Underwriter Lorenzo Dominguez filed this putative class and collective action against his former employer, alleging that the company failed to pay proper overtime to him and other similarly situated underwriters. After Dominguez filed the lawsuit, his former employer allegedly attempted to persuade other underwriters at the company not to participate in the lawsuit, offering each of them $5,000 in exchange for an agreement to release all of their non-FLSA claims. The employer also circulated a new draft employment agreement to the underwriters that did not specifically call attention to the existence of the arbitration provision contained therein. Dominguez challenged the enforceability of these new agreements, and in response the district court issued an order invalidating the agreements because they were signed “coercively.” The district court also ordered the employer to refrain from communicating with any putative class members about the lawsuit, except by way of court-approved writings.

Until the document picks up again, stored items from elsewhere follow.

lemma (in prob_space) expectation_square_sum_indep_le:
  fixes W :: "'i \<Rightarrow> 'a \<Rightarrow> real"
  assumes "finite I" "indep_vars (\<lambda>_. borel) W I"
    and W_measurable: "\<And>i. i \<in> I \<Longrightarrow> W i \<in> borel_measurable M"
    and W_bounded: "\<And>i. i \<in> I \<Longrightarrow> AE \<omega> in M. \<bar>W i \<omega>\<bar> \<le> c"
    and W_centered: "\<And>i. i \<in> I \<Longrightarrow> expectation (W i) = 0"
  shows "expectation (\<lambda>\<omega>. (\<Sum>i\<in>I. W i \<omega>)^2) \<le> real (card I) * c^2"
proof -
  have integrable_W: "integrable M (W i)" if "i \<in> I" for i
    using W_bounded[OF that] W_measurable[OF that] by (intro integrable_const_bound) auto
  have integrable_prod: "integrable M (\<lambda>\<omega>. W i \<omega> * W k \<omega>)" if "i \<in> I" "k \<in> I" for i k
    using that by (intro integrable_mult_AE_bounded[where c = c] W_measurable W_bounded)
  have cross: "expectation (\<lambda>\<omega>. W i \<omega> * W k \<omega>) = 0" if "i \<in> I" "k \<in> I" "i \<noteq> k" for i k
  proof -
    have "indep_vars (\<lambda>_. borel) W {i, k}"
      using indep_vars_subset[OF assms(2)] that by auto
    then have "expectation (\<lambda>\<omega>. \<Prod>j\<in>{i, k}. W j \<omega>) = (\<Prod>j\<in>{i, k}. expectation (W j))"
      using that integrable_W by (intro indep_vars_lebesgue_integral) auto
    then show ?thesis using that W_centered by simp
  qed
  have diagonal: "expectation (\<lambda>\<omega>. W i \<omega> * W i \<omega>) \<le> c^2" if "i \<in> I" for i
  proof -
    have "\<bar>t\<bar> \<le> c \<Longrightarrow> t * t \<le> c^2" for t :: real
      by (metis abs_ge_zero power2_abs power2_eq_square power_mono)
    then have "expectation (\<lambda>\<omega>. W i \<omega> * W i \<omega>) \<le> expectation (\<lambda>\<omega>. c^2)"
      using W_bounded[OF that] integrable_prod[OF that that]
      by (intro integral_mono_AE) (auto elim!: eventually_mono)
    then show ?thesis by (simp add: prob_space)
  qed
  have "expectation (\<lambda>\<omega>. (\<Sum>i\<in>I. W i \<omega>)^2) = (\<Sum>i\<in>I. \<Sum>k\<in>I. expectation (\<lambda>\<omega>. W i \<omega> * W k \<omega>))"
    using integrable_prod by (simp add: power2_eq_square sum_product Bochner_Integration.integral_sum)
  also have "\<dots> = (\<Sum>i\<in>I. expectation (\<lambda>\<omega>. W i \<omega> * W i \<omega>))"
    using assms(1) cross by (intro sum.cong refl) (auto simp: sum.remove intro!: sum.neutral)
  also have "\<dots> \<le> real (card I) * c^2"
    using diagonal sum_bounded_above[of I "\<lambda>i. expectation (\<lambda>\<omega>. W i \<omega> * W i \<omega>)"] by auto
  finally show ?thesis .
qed
(* Let $\lambda$ be a partition with $n$ parts and let $\beta \in U_\lambda(n)$. If $\beta \in UGC_\lambda(n) \cap UBP_\lambda(n)$, then the terminal pair $(\lambda,\beta)$ is nonpermutable.
   Context: Fix an integer $n \geq 1$ and write $[k] = \{1,\dots,k\}$. A partition is $\lambda = (\lambda_1,\dots,\lambda_n)$ with $\lambda_1 \geq \dots \geq \lambda_n \geq 0$ integers. Let $R_\lambda \subseteq [n-1]$ be the set of $q \in [n-1]$ with $\lambda_q > \lambda_{q+1}$; write its elements $q_1 < \dots < q_r$, and set $q_0 := 0$, $q_{r+1} := n$. For $h \in [r+1]$ the $h$-th carrel is the index interval $\{q_{h-1}+1,\dots,q_h\}$. A $\lambda$-tuple is an $n$-tuple $\beta$ with entries in $[n]$, considered with this carrel structure; it is upper if $\beta_i \geq i$ for all $i$. $U_\lambda(n)$ is the set of upper $\lambda$-tuples. Critical indices: for $\beta \in U_\lambda(n)$ and $h \in [r+1]$, set $x_1 := q_h$; given $x_{u-1}$, if some index $x$ with $q_{h-1} < x < x_{u-1}$ satisfies $\beta_{x_{u-1}} - \beta_x > x_{u-1} - x$, let $x_u$ be the largest such $x$, otherwise stop. The $x_u$ are the critical indices of $\beta$ in carrel $h$; the pairs $(x_u,\beta_{x_u})$ form its critical list. For $i \in [n]$ let $x(i)$ be the smallest critical index in the carrel of $i$ with $x(i) \geq i$. The $\lambda$-platform is $\Xi_\lambda(\beta) := \xi$ with $\xi_i := \beta_{x(i)}$. The critical list is a flag critical list if for every $h \in [r]$, $\beta_{q_h} \leq \beta_k$ where $k$ is the smallest critical index of $\beta$ in carrel $h+1$. $UGC_\lambda(n)$ is the set of $\beta \in U_\lambda(n)$ with flag critical list; $UBP_\lambda(n)$ is the set of $\beta \in U_\lambda(n)$ with $\beta_i \leq \Xi_\lambda(\beta)_i$ for all $i$. Lattice paths: lattice points are integer pairs $(a,b)$ with $a \geq 0$, $b \geq 1$. A lattice path is a sequence of lattice points each consecutive step of which is $(a,b) \to (a+1,b)$ or $(a,b) \to (a,b+1)$. An $n$-path is $(\Lambda_1,\dots,\Lambda_n)$ with $\Lambda_m$ a lattice path starting at $(n-m,m)$. The terminals of $(\lambda,\beta)$ are $P_m := (\lambda_m + n - m, \beta_m)$, $m \in [n]$. For a permutation $\pi$ of $[n]$, $\mathcal{LD}_\lambda(\beta;\pi)$ is the set of $n$-paths with $\Lambda_m$ ending at $P_{\pi_m}$ for every $m$ and no two distinct components sharing a lattice point. The pair $(\lambda,\beta)$ is nonpermutable if $\mathcal{LD}_\lambda(\beta;\pi) = \emptyset$ for every permutation $\pi \neq (1,\dots,n)$. *)

theory Defs
  imports "HOL-Combinatorics.Permutations"
begin

text \<open>Indices are 1-based: a partition / tuple is a function nat => nat, only its
values on {1..n} matter.\<close>

definition is_partition :: "nat \<Rightarrow> (nat \<Rightarrow> nat) \<Rightarrow> bool" where
  "is_partition n lam \<longleftrightarrow> (\<forall>i\<in>{1..<n}. lam (Suc i) \<le> lam i)"

definition Rset :: "nat \<Rightarrow> (nat \<Rightarrow> nat) \<Rightarrow> nat set" where
  "Rset n lam = {q \<in> {1..n-1}. lam (Suc q) < lam q}"

definition qq :: "nat \<Rightarrow> (nat \<Rightarrow> nat) \<Rightarrow> nat \<Rightarrow> nat" where
  "qq n lam h = (if h = 0 then 0
                 else if h \<le> card (Rset n lam) then sorted_list_of_set (Rset n lam) ! (h - 1)
                 else n)"

definition num_R :: "nat \<Rightarrow> (nat \<Rightarrow> nat) \<Rightarrow> nat" where
  "num_R n lam = card (Rset n lam)"
(* If $T\in\mathcal{T}_3$ has $n\ge 4$ vertices and $t$ twigs then $\mu(T)<\frac{3n}{4}-\frac{2t}{5}$.
   Context: A leaf is a vertex of degree at most 1; an internal vertex has degree at least 2. $\mathcal{T}_3$ is the set of finite trees with at least one internal vertex in which every internal vertex has degree at least 3. A vertex $v$ is a twig if $d(v)\ge 2$ and at least $d(v)-1$ of its neighbours are leaves. A subtree is a nonempty vertex set inducing a connected subgraph; $\mu(T)$ is the average number of vertices over all subtrees of $T$. *)

theory Defs
  imports Complex_Main
begin

definition simple_graph :: "'a set \<Rightarrow> ('a \<Rightarrow> 'a \<Rightarrow> bool) \<Rightarrow> bool" where
  "simple_graph V E \<longleftrightarrow> finite V \<and> (\<forall>u v. E u v \<longrightarrow> E v u) \<and> (\<forall>v. \<not> E v v)
     \<and> (\<forall>u v. E u v \<longrightarrow> u \<in> V \<and> v \<in> V)"

definition induced_connected :: "('a \<Rightarrow> 'a \<Rightarrow> bool) \<Rightarrow> 'a set \<Rightarrow> bool" where
  "induced_connected E S \<longleftrightarrow>
     (\<forall>u\<in>S. \<forall>v\<in>S. (\<lambda>x y. x \<in> S \<and> y \<in> S \<and> E x y)\<^sup>*\<^sup>* u v)"

definition is_cycle :: "'a set \<Rightarrow> ('a \<Rightarrow> 'a \<Rightarrow> bool) \<Rightarrow> 'a list \<Rightarrow> bool" where
  "is_cycle V E cs \<longleftrightarrow> length cs \<ge> 3 \<and> distinct cs \<and> set cs \<subseteq> V
     \<and> (\<forall>i. Suc i < length cs \<longrightarrow> E (cs ! i) (cs ! Suc i))
     \<and> E (last cs) (hd cs)"

definition is_tree :: "'a set \<Rightarrow> ('a \<Rightarrow> 'a \<Rightarrow> bool) \<Rightarrow> bool" where
  "is_tree V E \<longleftrightarrow> simple_graph V E \<and> V \<noteq> {} \<and> induced_connected E V
     \<and> (\<nexists>cs. is_cycle V E cs)"

definition degree :: "'a set \<Rightarrow> ('a \<Rightarrow> 'a \<Rightarrow> bool) \<Rightarrow> 'a \<Rightarrow> nat" where
  "degree V E v = card {u \<in> V. E v u}"

definition is_leaf :: "'a set \<Rightarrow> ('a \<Rightarrow> 'a \<Rightarrow> bool) \<Rightarrow> 'a \<Rightarrow> bool" where
  "is_leaf V E v \<longleftrightarrow> degree V E v \<le> 1"

definition is_internal :: "'a set \<Rightarrow> ('a \<Rightarrow> 'a \<Rightarrow> bool) \<Rightarrow> 'a \<Rightarrow> bool" where
  "is_internal V E v \<longleftrightarrow> degree V E v \<ge> 2"

definition in_T3 :: "'a set \<Rightarrow> ('a \<Rightarrow> 'a \<Rightarrow> bool) \<Rightarrow> bool" where
  "in_T3 V E \<longleftrightarrow> is_tree V E \<and> (\<exists>v\<in>V. is_internal V E v)
     \<and> (\<forall>v\<in>V. is_internal V E v \<longrightarrow> degree V E v \<ge> 3)"

definition is_twig :: "'a set \<Rightarrow> ('a \<Rightarrow> 'a \<Rightarrow> bool) \<Rightarrow> 'a \<Rightarrow> bool" where
  "is_twig V E v \<longleftrightarrow> degree V E v \<ge> 2
     \<and> card {u \<in> V. E v u \<and> is_leaf V E u} \<ge> degree V E v - 1"

definition twigs :: "'a set \<Rightarrow> ('a \<Rightarrow> 'a \<Rightarrow> bool) \<Rightarrow> 'a set" where
  "twigs V E = {v \<in> V. is_twig V E v}"

definition subtrees :: "'a set \<Rightarrow> ('a \<Rightarrow> 'a \<Rightarrow> bool) \<Rightarrow> 'a set set" where
  "subtrees V E = {S. S \<subseteq> V \<and> S \<noteq> {} \<and> induced_connected E S}"

definition mean_subtree_order :: "'a set \<Rightarrow> ('a \<Rightarrow> 'a \<Rightarrow> bool) \<Rightarrow> real" where
  "mean_subtree_order V E =
     (\<Sum>S\<in>subtrees V E. real (card S)) / real (card (subtrees V E))"

end

theory Submission
  imports Defs
begin

text \<open>Write N(v) for the number of subtrees containing v, so that the orders of all
  subtrees add up to the sum of N(v) over the vertices. Deleting a leaf l from the
  subtrees through l and its parent u shows N(l) = 1 + N(u)/2; hence the total order
  is the number of leaves plus the sum of N(u) (1 + k(u)/2) over the internal
  vertices u, where k(u) counts the leaves at u. Each such summand is at most
  w(u) = 1 + k(u)/2 + (deg u - 3)/4 - 2/5 [u is a twig] times the number of subtrees:
  for a twig u, with a the number of subtrees avoiding u and its leaves, at most
  2^k(u) (a + 1) subtrees pass through u while at least k(u) + a avoid it. As the
  degrees of a tree sum to 2n - 2, the weights w(u) add up to at most
  3n/4 - 1/2 - 2t/5, and the number of leaves is less than half the number of
  subtrees (already the singletons and the leaf edges are n plus that many).\<close>

lemma induced_connected_singleton [simp]: "induced_connected E {x}"
  unfolding induced_connected_def by auto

The employer appealed the order restricting its communications, and in this opinion, the Ninth Circuit confirmed its jurisdiction to hear the interlocutory appeal and affirmed the district court’s communication restriction as a “tailored response.” However, the Ninth Circuit concluded it did not have appellate jurisdiction to determine the enforceability of the nullified employment agreements. The Court concluded that the communication restriction and the order nullifying the employment agreements were not “inextricably intertwined” and that the lower court’s nullification of the employment agreements did not constitute injunctive relief. Thus, the appellate court could not decide that issue at this stage of the litigation.